The other issue was that Mr Trewin had made written submissions about the conduct of the original panel that recommended Mr Politis. His submissions didn’t discuss Mr Politis’ in person but rather how the Board had conducted itself and how it had gone about determining which applicant had the greater merit. Due to an error, this document was not given to Mr Politis so he could not respond to the matters raised to argue that the original panel’s decision had been correct. Although the Board was not a court and could not exercise the sort of powers a disciplinary tribunal could it was still required to give ‘natural justice’. What that might mean would vary from case to case but it at least required that Mr Politis have access to the document that Mr Trewin had drafted so he could respond to it. Failing to give him a copy meant he was denied natural justice.
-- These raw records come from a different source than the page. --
lemma crossed_hom_principal:
  assumes \<delta>: "\<And>x. x \<in> M \<Longrightarrow> \<delta> x \<in> P"
    and crossed: "\<And>x y. x \<in> M \<Longrightarrow> y \<in> M \<Longrightarrow> \<delta> (y \<otimes> x) = conjugate x (\<delta> y) \<otimes> \<delta> x"
  obtains c where "c \<in> P" "\<And>x. x \<in> M \<Longrightarrow> \<delta> x = conjugate x c \<otimes> inv c"
proof -
  interpret PG: comm_group PG by (rule comm_group_PG)
  define d where "d = finprod PG \<delta> M"
  have d: "d \<in> P" unfolding d_def using PG.finprod_closed[of \<delta> M] \<delta> by auto
  have "coprime m p" using prime_imp_coprime[OF p_prime p_ndvd_m] by (simp add: coprime_commute)
  then obtain k :: nat where k: "[m * k = 1] (mod p)" using cong_solve_coprime_nat by auto
  define c where "c = inv d [^] k"
  have "inv d \<in> P" using d subgroup_P by (simp add: subgroup.m_inv_closed)
  hence c: "c \<in> P" unfolding c_def
    using PG.nat_pow_closed[of "inv d" k] by (simp add: nat_pow_consistent[symmetric])
  moreover have "\<delta> x = conjugate x c \<otimes> inv c" if x: "x \<in> M" for x
  proof -
    have xc: "x \<in> carrier G" using x M_carrier by auto
    have cd: "conjugate x d \<in> P" using conjugate_P[OF xc d] .
    have dc: "d \<in> carrier G" "conjugate x d \<in> carrier G" "\<delta> x \<in> carrier G"
      using d cd \<delta>[OF x] P_carrier by auto
    have quotient: "\<delta> x [^] m = inv (conjugate x d) \<otimes> d"
      using inv_solve_left[of "\<delta> x [^] m" "conjugate x d" d] crossed_hom_average[OF \<delta> crossed x] dc
      unfolding d_def by simp
    have "\<delta> x = \<delta> x [^] (m * k)"
      using P_pow_mod[OF \<delta>[OF x], of "m * k"] P_pow_mod[OF \<delta>[OF x], of 1] k dc
      by (simp add: cong_def)
    also have "\<dots> = (inv (conjugate x d) \<otimes> d) [^] k"
      using dc quotient by (simp add: nat_pow_pow[symmetric])
    also have "\<dots> = inv (conjugate x d) [^] k \<otimes> d [^] k"
      using P_commute[of "inv (conjugate x d)" d] cd d subgroup_P dc
      by (intro pow_mult_distrib) (auto simp: subgroup.m_inv_closed)
    also have "inv (conjugate x d) [^] k = conjugate x c"
      unfolding c_def using hom_nat_pow[OF conjugate_hom[OF xc], of "inv d" k] dc xc
      by (simp add: conjugate_def inv_mult_group m_assoc)
    also have "d [^] k = inv c" unfolding c_def using dc by (simp add: nat_pow_inv)
    finally show ?thesis .
  qed
  ultimately show ?thesis by (rule that)
qed

lemma hol_aut_nu_conjugation:
  assumes g: "g \<in> P"
  obtains c where "c \<in> P" "\<And>x. x \<in> carrier G \<Longrightarrow> hol_aut (nu G N g) x = c \<otimes> x \<otimes> inv c"
proof -
  let ?a = "hol_aut (nu G N g)"
  have s: "nu G N g \<in> Hol G" by (rule nu_P_in_Hol[OF g])
  have a_closed: "?a x \<in> carrier G" if "x \<in> carrier G" for x using hol_aut_closed[OF s that] .
  define \<delta> where "\<delta> x = inv x \<otimes> ?a x" for x
  have \<delta>_P: "\<delta> x \<in> P" if x: "x \<in> M" for x
  proof -
    have xc: "x \<in> carrier G" using x M_carrier by auto
    have "inv x \<otimes> (?a x \<otimes> inv x) \<otimes> x \<in> P" using P_normal[OF xc hol_aut_nu_M[OF g x]] .
    thus ?thesis unfolding \<delta>_def using xc a_closed[OF xc] by (simp add: m_assoc)
  qed
  have \<delta>_crossed: "\<delta> (y \<otimes> x) = conjugate x (\<delta> y) \<otimes> \<delta> x" if "x \<in> M" "y \<in> M" for x y
    using that M_carrier hol_aut_mult[OF s] a_closed
    by (simp add: \<delta>_def conjugate_def m_assoc inv_mult_group)
  obtain c where c: "c \<in> P" and \<delta>c: "\<And>x. x \<in> M \<Longrightarrow> \<delta> x = conjugate x c \<otimes> inv c"
    using crossed_hom_principal[of \<delta>, OF \<delta>_P \<delta>_crossed] by blast
  have cc: "c \<in> carrier G" using c P_carrier by auto
  have on_M: "?a y = c \<otimes> y \<otimes> inv c" if y: "y \<in> M" for y
  proof -
    have yc: "y \<in> carrier G" using y M_carrier by auto
    have "?a y = y \<otimes> \<delta> y" unfolding \<delta>_def using yc a_closed[OF yc] by simp
    thus ?thesis using \<delta>c[OF y] yc cc by (simp add: conjugate_def m_assoc)
  qed
  have "?a x = c \<otimes> x \<otimes> inv c" if x: "x \<in> carrier G" for x
  proof -
    obtain u y where u: "u \<in> P" and y: "y \<in> M" and e: "x = u \<otimes> y" using P_times_M[OF x] .
    have uc: "u \<in> carrier G" and yc: "y \<in> carrier G" using u y P_carrier M_carrier by auto
    have "?a x = u \<otimes> (c \<otimes> y \<otimes> inv c)"
      using e hol_aut_mult[OF s uc yc] hol_aut_nu_fixes_P[OF g u] on_M[OF y] by simp
    also have "\<dots> = (u \<otimes> c) \<otimes> y \<otimes> inv c" using uc yc cc by (simp add: m_assoc)
    also have "\<dots> = c \<otimes> x \<otimes> inv c" using P_commute[OF u c] e uc yc cc by (simp add: m_assoc)
    finally show ?thesis .
  qed
  thus ?thesis using c that by blast
qed

lemma nu_P_form:
  assumes g: "g \<in> P"
  obtains c where "c \<in> P" "\<And>x. x \<in> carrier G \<Longrightarrow> nu G N g x = c \<otimes> x \<otimes> (inv c \<otimes> g)"
proof -
  obtain c where c: "c \<in> P" and h: "\<And>x. x \<in> carrier G \<Longrightarrow> hol_aut (nu G N g) x = c \<otimes> x \<otimes> inv c"
    using hol_aut_nu_conjugation[OF g] by blast
  have "nu G N g x = c \<otimes> x \<otimes> (inv c \<otimes> g)" if x: "x \<in> carrier G" for x
    using Hol_apply[OF nu_P_in_Hol[OF g] x] h[OF x] x c g P_carrier by (simp add: m_assoc)
  thus ?thesis using c that by blast
qed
Having decided that the decision of the Appeal Board had miscarried, the Court had to decide whether he could lodge his appeal to the Court 9 months out of time. The court allowed this determining that the circumstances of his solicitors failures, along with the public interest in having the matters determined meant that it should be allowed even though the court acknowledged the difficulties for Mr Trewin who had not known, for 12 months, that his appointment would be challenged and who had been doing the job of the station officer since at least December 2008.

The result is not however final. Mr Politis won in that the decision of the Appeal Board was overturned, but now a new Appeal Board has to be established to determine if the decision way back in July 2008 to appoint Mr Politis over Mr Trewin was correct or not!

Legal lessons
The cost of these proceedings and the disruption to both men’s lives must be incalculable, let alone the use of resources by the public service, the NTFRS and the Courts. The legal lesson of course is if the Appeals Board had complied with the legislation that governed them then none of this would have arisen. Mistakes were made in letting the observer act as if she was a member of the Board, but also in failing to pass the document to Mr Politis and then failure by his lawyers to note the relevant dates for filing an appeal. All in all a huge cost to everyone due to simple human error but the judicial process has ground to a result (3 years later).

Not following the letter of the law can be very expensive!  The tragedy here is that it was nothing that Mr Politis, Mr Trewin or the Northern Territory Fire and Rescue Service did that lead to these costs and delays.   The ‘fault’ lay with the President of the Appeals Board, Ms Lisson, who allowed the observer to take part in deliberations and to sign the final document as a member of the Board, and who failed to forward Mr Trewin’s submissions to Mr Politis.  The fault also lay with the solicitors that Mr Politis first sought advice from who failed to properly advise their client.    There is no explanation why it took the court so long to resolve the matter.  Notwithstanding this it is the two firefighters that must pay both the financial and personal costs of this process.  The legislation requires the Appeals Board to act informally and expeditiously, but in accordance with the law, but those objectives were clearly not met here.  One wonders how the courts (and the public) would react if the firefighters made similar, human mistakes, in the course of their duties?